§ **RECORDS FOR THIS EXERCISE**:
lemma sum_norm_mult_abs_apply_le:
  fixes x :: "nat \<Rightarrow> 'a::real_normed_vector" and y :: "nat \<Rightarrow> ('b::real_normed_vector \<Rightarrow>\<^sub>L real)"
  assumes "1 < q"
  shows "(\<Sum>i=1..m. norm (x i) * \<bar>y i w\<bar>) \<le> strong_norm q m x * weak_norm (conj_exp q) m y * norm w"
proof -
  obtain r where "1 \<le> r" and r: "conj_exp q = ereal r"
    using conj_exp_ereal[OF assms] .
  have "(\<Sum>i=1..m. norm (x i) * \<bar>y i w\<bar>) \<le> strong_norm q m x * seq_norm (conj_exp q) m (\<lambda>i. y i w)"
    unfolding strong_norm_def by (rule Holder_seq_norm[OF assms]) simp
  also have "\<dots> \<le> strong_norm q m x * (weak_norm (conj_exp q) m y * norm w)"
    unfolding r using \<open>1 \<le> r\<close> seq_norm_apply_le_weak_norm[of r m y w]
    by (intro mult_left_mono) (simp_all add: strong_norm_def seq_norm_nonneg)
  finally show ?thesis
    by (simp add: mult.assoc)
qed

lemma L2_set_le_sum_abs_powr_root:
  fixes z :: "'i \<Rightarrow> real"
  assumes "0 < r" "r \<le> 2" "finite I"
  shows "L2_set z I \<le> (\<Sum>j\<in>I. \<bar>z j\<bar> powr r) powr (1/r)"
proof -
  define S N where "S = (\<Sum>j\<in>I. \<bar>z j\<bar> powr r)" and "N = S powr (1/r)"
  have "0 \<le> N" "N powr r = S"
    using assms by (auto simp: S_def N_def powr_powr sum_nonneg)
  have bound: "\<bar>z j\<bar> \<le> N" if "j \<in> I" for j
  proof -
    have "\<bar>z j\<bar> powr r \<le> S"
      unfolding S_def using that assms(3) by (intro member_le_sum) auto
    then have "(\<bar>z j\<bar> powr r) powr (1/r) \<le> N"
      unfolding N_def using assms by (intro powr_mono2) auto
    then show ?thesis
      using assms by (simp add: powr_powr)
  qed
  have "(z j)\<^sup>2 \<le> \<bar>z j\<bar> powr r * N powr (2 - r)" if "j \<in> I" for j
  proof (cases "z j = 0")
    case False
    then have "(z j)\<^sup>2 = \<bar>z j\<bar> powr r * \<bar>z j\<bar> powr (2 - r)"
      by (simp add: powr_numeral flip: powr_add)
    also have "\<dots> \<le> \<bar>z j\<bar> powr r * N powr (2 - r)"
      using assms bound[OF that] by (intro mult_left_mono powr_mono2) auto
    finally show ?thesis .
  qed simp
  then have "(\<Sum>j\<in>I. (z j)\<^sup>2) \<le> S * N powr (2 - r)"
    unfolding S_def sum_distrib_right by (rule sum_mono)
  also have "\<dots> = N\<^sup>2"
    using \<open>N powr r = S\<close> \<open>0 \<le> N\<close> assms
    by (cases "N = 0") (auto simp flip: powr_add simp: powr_numeral)
  finally show ?thesis
    using \<open>0 \<le> N\<close> unfolding L2_set_def N_def S_def by (rule real_le_lsqrt[rotated])
qed

lemma exists_norming_sequence:
  fixes c :: "nat \<Rightarrow> real"
  assumes "1 < p" and pos: "0 < (\<Sum>j<n. \<bar>c j\<bar> powr p)"
  obtains \<alpha> where "(\<Sum>j<n. \<bar>\<alpha> j\<bar> powr (p / (p - 1))) = 1"
    and "(\<Sum>j<n. \<alpha> j * c j) = (\<Sum>j<n. \<bar>c j\<bar> powr p) powr (1/p)"
proof
  define P N where "P = (\<Sum>j<n. \<bar>c j\<bar> powr p)" and "N = P powr (1/p)"
  have "0 < N" "N powr p = P"
    using assms by (auto simp: P_def N_def powr_powr)
  define \<alpha> where "\<alpha> j = sgn (c j) * (\<bar>c j\<bar> / N) powr (p - 1)" for j
  have "\<bar>\<alpha> j\<bar> powr (p / (p - 1)) = \<bar>c j\<bar> powr p / P" for j
    using \<open>1 < p\<close> \<open>0 < N\<close> \<open>N powr p = P\<close>
    by (cases "c j = 0") (auto simp: \<alpha>_def abs_mult powr_powr powr_divide)
  then show "(\<Sum>j<n. \<bar>\<alpha> j\<bar> powr (p / (p - 1))) = 1"
    using pos by (simp add: P_def flip: sum_divide_distrib)
  have "\<alpha> j * c j = \<bar>c j\<bar> powr p / N powr (p - 1)" for j
  proof (cases "c j = 0")
    case False
    have "\<alpha> j * c j = (sgn (c j) * c j) * (\<bar>c j\<bar> / N) powr (p - 1)"
      by (simp add: \<alpha>_def mult_ac)
    also have "\<dots> = \<bar>c j\<bar> * \<bar>c j\<bar> powr (p - 1) / N powr (p - 1)"
      by (simp add: sgn_if powr_divide)
    also have "\<dots> = \<bar>c j\<bar> powr p / N powr (p - 1)"
      using False by (simp add: powr_mult_base)
    finally show ?thesis .
  qed (simp add: \<alpha>_def)
  then have "(\<Sum>j<n. \<alpha> j * c j) = N powr p / N powr (p - 1)"
    by (simp add: P_def \<open>N powr p = P\<close> flip: sum_divide_distrib)
  also have "\<dots> = N"
    using \<open>0 < N\<close> by (simp flip: powr_diff)
  finally show "(\<Sum>j<n. \<alpha> j * c j) = (\<Sum>j<n. \<bar>c j\<bar> powr p) powr (1/p)"
    by (simp add: N_def P_def)
qed

locale linear_coordinates =
  fixes F :: "'a::real_normed_vector set" and v :: "'a \<Rightarrow> nat \<Rightarrow> real" and n :: nat
  assumes subspace: "subspace F"
    and add: "\<And>x y. x \<in> F \<Longrightarrow> y \<in> F \<Longrightarrow> v (x + y) = (\<lambda>i. v x i + v y i)"
    and scale: "\<And>x c. x \<in> F \<Longrightarrow> v (c *\<^sub>R x) = (\<lambda>i. c * v x i)"
    and bij: "bij_betw v F {z. \<forall>i\<ge>n. z i = 0}"
begin

definition basis :: "nat \<Rightarrow> 'a" where
  "basis j = inv_into F v (\<lambda>i. if i = j then 1 else 0)"

lemma basis_in: "j < n \<Longrightarrow> basis j \<in> F"
  and v_basis: "j < n \<Longrightarrow> v (basis j) = (\<lambda>i. if i = j then 1 else 0)"
proof -
  assume "j < n"
  then have "(\<lambda>i. if i = j then 1 else 0 :: real) \<in> v ` F"
    using bij by (auto simp: bij_betw_def)
  then show "basis j \<in> F" "v (basis j) = (\<lambda>i. if i = j then 1 else 0)"
    unfolding basis_def by (auto intro: inv_into_into f_inv_into_f)
qed

lemma v_vanishes: "x \<in> F \<Longrightarrow> n \<le> i \<Longrightarrow> v x i = 0"
  using bij by (auto simp: bij_betw_def)

lemma v_sum:
  assumes "finite J" "\<And>j. j \<in> J \<Longrightarrow> w j \<in> F"
  shows "v (\<Sum>j\<in>J. a j *\<^sub>R w j) = (\<lambda>i. \<Sum>j\<in>J. a j * v (w j) i)"
  using assms
proof (induction J rule: finite_induct)
  case empty
  show ?case
    using scale[of 0 0] subspace_0[OF subspace] by simp
next
  case (insert j J)
  have "(\<Sum>j\<in>J. a j *\<^sub>R w j) \<in> F"
    using insert by (intro subspace_sum[OF subspace] subspace_scale[OF subspace]) auto
  then show ?case
    using insert by (simp add: add scale subspace_scale[OF subspace])
qed

lemma sum_basis_in: "(\<Sum>j<n. a j *\<^sub>R basis j) \<in> F"
  by (intro subspace_sum[OF subspace] subspace_scale[OF subspace] basis_in) auto

lemma v_sum_basis: "v (\<Sum>j<n. a j *\<^sub>R basis j) = (\<lambda>i. if i < n then a i else 0)"
proof -
  have "v (\<Sum>j<n. a j *\<^sub>R basis j) = (\<lambda>i. \<Sum>j<n. a j * v (basis j) i)"
    by (rule v_sum) (auto intro: basis_in)
  also have "(\<lambda>i. \<Sum>j<n. a j * v (basis j) i) = (\<lambda>i. \<Sum>j<n. if i = j then a j else 0)"
    by (intro ext sum.cong) (simp_all add: v_basis)
  finally show ?thesis
    by simp
qed

lemma basis_expansion:
  assumes "x \<in> F"
  shows "x = (\<Sum>j<n. v x j *\<^sub>R basis j)"
proof (rule inj_onD[OF bij_betw_imp_inj_on[OF bij] _ assms sum_basis_in])
  show "v x = v (\<Sum>j<n. v x j *\<^sub>R basis j)"
    using v_vanishes[OF assms] by (auto simp: v_sum_basis)
qed

end

locale Lr_coordinates = linear_coordinates F v n
  for F :: "'a::real_normed_vector set" and v n +
  fixes r a b :: real
  assumes lower: "x \<in> F \<Longrightarrow> lr_norm r n (v x) \<le> a * norm x"
    and upper: "x \<in> F \<Longrightarrow> norm x \<le> b * lr_norm r n (v x)"
    and a_nonneg: "0 \<le> a" and b_nonneg: "0 \<le> b"
begin

lemma weak_norm_basis_le:
  assumes "1 < p" "r = p / (p - 1)"
  shows "weak_norm (ereal p) n (\<lambda>k. basis (k - 1)) \<le> b"
proof (rule weak_norm_least)
  fix f :: "'a \<Rightarrow>\<^sub>L real"
  assume "norm f \<le> 1"
  define c where "c j = f (basis j)" for j
  have "(\<Sum>j<n. \<bar>c j\<bar> powr p) powr (1/p) \<le> b"
  proof (cases "(\<Sum>j<n. \<bar>c j\<bar> powr p) = 0")
    case False
    then have "0 < (\<Sum>j<n. \<bar>c j\<bar> powr p)"
      by (simp add: order_le_neq_trans sum_nonneg)
    then obtain \<alpha> where \<alpha>: "(\<Sum>j<n. \<bar>\<alpha> j\<bar> powr (p / (p - 1))) = 1"
      and norming: "(\<Sum>j<n. \<alpha> j * c j) = (\<Sum>j<n. \<bar>c j\<bar> powr p) powr (1/p)"
      using exists_norming_sequence[OF \<open>1 < p\<close>] by blast
    define x where "x = (\<Sum>j<n. \<alpha> j *\<^sub>R basis j)"
    have "(\<Sum>j<n. \<bar>c j\<bar> powr p) powr (1/p) = f x"
      unfolding x_def norming[symmetric] by (simp add: c_def blinfun.sum_right blinfun.scaleR_right)
    also have "\<dots> \<le> norm x"
      using norm_blinfun[of f x] mult_right_mono[OF \<open>norm f \<le> 1\<close>, of "norm x"] by simp
    also have "\<dots> \<le> b"
      using upper[OF sum_basis_in, of \<alpha>] \<alpha> \<open>r = p / (p - 1)\<close>
      by (simp add: x_def v_sum_basis lr_norm_def)
    finally show ?thesis .
  qed (simp add: b_nonneg)
  then show "seq_norm (ereal p) n (\<lambda>i. f (basis (i - 1))) \<le> b"
    by (simp add: seq_norm_ereal sum.atLeast1_atMost_eq c_def)
qed

lemma abs_linear_le_sign_average:
  assumes "linear g" "0 < r" "r \<le> 2" "x \<in> F"
  shows "\<bar>g x\<bar> \<le> sqrt 3 * a * norm x * sign_average n (\<lambda>k. basis (k - 1)) (\<lambda>w. \<bar>g w\<bar>)"
proof -
  define d where "d k = g (basis (k - 1))" for k
  have "g x = g (\<Sum>j<n. v x j *\<^sub>R basis j)"
    using basis_expansion[OF \<open>x \<in> F\<close>] by (rule arg_cong)
  also have "\<dots> = (\<Sum>j<n. v x j * d (Suc j))"
    using \<open>linear g\<close> by (simp add: linear_sum linear_scale d_def)
  finally have "\<bar>g x\<bar> \<le> (\<Sum>j<n. \<bar>v x j\<bar> * \<bar>d (Suc j)\<bar>)"
    by (simp add: sum_abs abs_mult flip: abs_mult)
  also have "\<dots> \<le> L2_set (v x) {..<n} * L2_set (\<lambda>j. d (Suc j)) {..<n}"
    by (rule L2_set_mult_ineq)
  also have "\<dots> \<le> (a * norm x) * (sqrt 3 * sign_average n d abs)"
  proof (rule mult_mono)
    show "L2_set (v x) {..<n} \<le> a * norm x"
      using L2_set_le_sum_abs_powr_root[OF \<open>0 < r\<close> \<open>r \<le> 2\<close>, of "{..<n}" "v x"] lower[OF \<open>x \<in> F\<close>]
      by (simp add: lr_norm_def)
    show "L2_set (\<lambda>j. d (Suc j)) {..<n} \<le> sqrt 3 * sign_average n d abs"
      using L2_set_le_sign_average_abs[of d n] by (simp add: L2_set_def sum.atLeast1_atMost_eq)
  qed (simp_all add: a_nonneg L2_set_def sum_nonneg)
  also have "sign_average n d abs = sign_average n (\<lambda>k. basis (k - 1)) (\<lambda>w. \<bar>g w\<bar>)"
    unfolding d_def using \<open>linear g\<close> by (rule sign_average_compose_linear[symmetric])
  finally show ?thesis
    by (simp add: mult_ac)
qed

lemma sign_average_norm_le:
  fixes u :: "'a \<Rightarrow>\<^sub>L 'b::real_normed_vector"
  assumes "1 < p" "r = p / (p - 1)" "0 \<le> C"
    and almost: "\<And>m (x::nat \<Rightarrow> 'a).
      sqrt (integral {0..1} (\<lambda>t. (norm (\<Sum>i=1..m. rademacher i t *\<^sub>R u (x i)))\<^sup>2))
        \<le> C * weak_norm (ereal p) m x"
  shows "sign_average n (\<lambda>k. u (basis (k - 1))) norm \<le> C * b"
proof -
  let ?e = "\<lambda>k. basis (k - 1)"
  have "sign_average n (\<lambda>k. u (?e k)) norm \<le> sqrt (sign_average n (\<lambda>k. u (?e k)) (\<lambda>w. (norm w)\<^sup>2))"
    by (rule sign_average_le_sqrt)
  also have "sign_average n (\<lambda>k. u (?e k)) (\<lambda>w. (norm w)\<^sup>2)
      = integral {0..1} (\<lambda>t. (norm (\<Sum>i=1..n. rademacher i t *\<^sub>R u (?e i)))\<^sup>2)"
    using has_integral_rademacher_sum[of "\<lambda>w. (norm w)\<^sup>2" n "\<lambda>k. u (?e k)"]
    by (simp add: rademacher_sum_def integral_unique)
  also have "sqrt \<dots> \<le> C * weak_norm (ereal p) n ?e"
    by (rule almost)
  also have "\<dots> \<le> C * b"
    using weak_norm_basis_le[OF assms(1,2)] \<open>0 \<le> C\<close> by (rule mult_left_mono)
  finally show ?thesis .
qed

lemma Cohen_sum_le:
  fixes u :: "'a \<Rightarrow>\<^sub>L 'b::real_normed_vector" and x :: "nat \<Rightarrow> 'a"
    and y :: "nat \<Rightarrow> ('b \<Rightarrow>\<^sub>L real)"
  assumes "0 < r" "r \<le> 2" "1 < q"
    and average: "sign_average n (\<lambda>k. u (basis (k - 1))) norm \<le> K"
    and x: "x ` {1..m} \<subseteq> F"
  shows "(\<Sum>i=1..m. \<bar>y i (u (x i))\<bar>)
    \<le> sqrt 3 * a * K * strong_norm q m x * weak_norm (conj_exp q) m y"
proof -
  define e where "e k = basis (k - 1)" for k
  define S W where "S = strong_norm q m x" and "W = weak_norm (conj_exp q) m y"
  have "0 \<le> S" "0 \<le> W"
    using weak_norm_conj_exp_nonneg[OF \<open>1 < q\<close>] by (simp_all add: S_def W_def strong_norm_nonneg)
  have linear: "linear (\<lambda>w. y i (u w))" for i
    using bounded_linear_compose[OF blinfun.bounded_linear_right blinfun.bounded_linear_right]
    by (rule bounded_linear.linear)
  have "(\<Sum>i=1..m. \<bar>y i (u (x i))\<bar>)
      \<le> (\<Sum>i=1..m. sqrt 3 * a * norm (x i) * sign_average n e (\<lambda>w. \<bar>y i (u w)\<bar>))"
    unfolding e_def using linear \<open>0 < r\<close> \<open>r \<le> 2\<close> x
    by (intro sum_mono abs_linear_le_sign_average) auto
  also have "\<dots> = sqrt 3 * a * sign_average n (\<lambda>k. u (e k)) (\<lambda>w. \<Sum>i=1..m. norm (x i) * \<bar>y i w\<bar>)"
  proof -
    have "sign_average n e (\<lambda>w. \<bar>y i (u w)\<bar>) = sign_average n (\<lambda>k. u (e k)) (\<lambda>w. \<bar>y i w\<bar>)" for i
      by (rule sign_average_compose_linear[where h="blinfun_apply u" and f="\<lambda>w. \<bar>y i w\<bar>"])
        (simp add: blinfun.bounded_linear_right bounded_linear.linear)
    then show ?thesis
      by (simp add: sign_average_sum sign_average_cmult sum_distrib_left mult_ac)
  qed
  also have "\<dots> \<le> sqrt 3 * a * sign_average n (\<lambda>k. u (e k)) (\<lambda>w. S * W * norm w)"
    unfolding S_def W_def using a_nonneg
    by (intro mult_left_mono sign_average_mono sum_norm_mult_abs_apply_le \<open>1 < q\<close>) auto
  also have "\<dots> \<le> sqrt 3 * a * (S * W * K)"
    using average a_nonneg \<open>0 \<le> S\<close> \<open>0 \<le> W\<close>
    by (simp add: e_def sign_average_cmult mult_left_mono)
  finally show ?thesis
    by (simp add: S_def W_def mult_ac)
qed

§ **ASSIGNMENT**:
Could you repeat exactly the lines above from the line with "by (simp add: lr_norm_def)" up to and including the line with "abs = sign_average", and only those?

§ **SOLUTION TO THIS EXERCISE**:
      by (simp add: lr_norm_def)
    show "L2_set (\<lambda>j. d (Suc j)) {..<n} \<le> sqrt 3 * sign_average n d abs"
      using L2_set_le_sign_average_abs[of d n] by (simp add: L2_set_def sum.atLeast1_atMost_eq)
  qed (simp_all add: a_nonneg L2_set_def sum_nonneg)
  also have "sign_average n d abs = sign_average n (\<lambda>k. basis (k - 1)) (\<lambda>w. \<bar>g w\<bar>)"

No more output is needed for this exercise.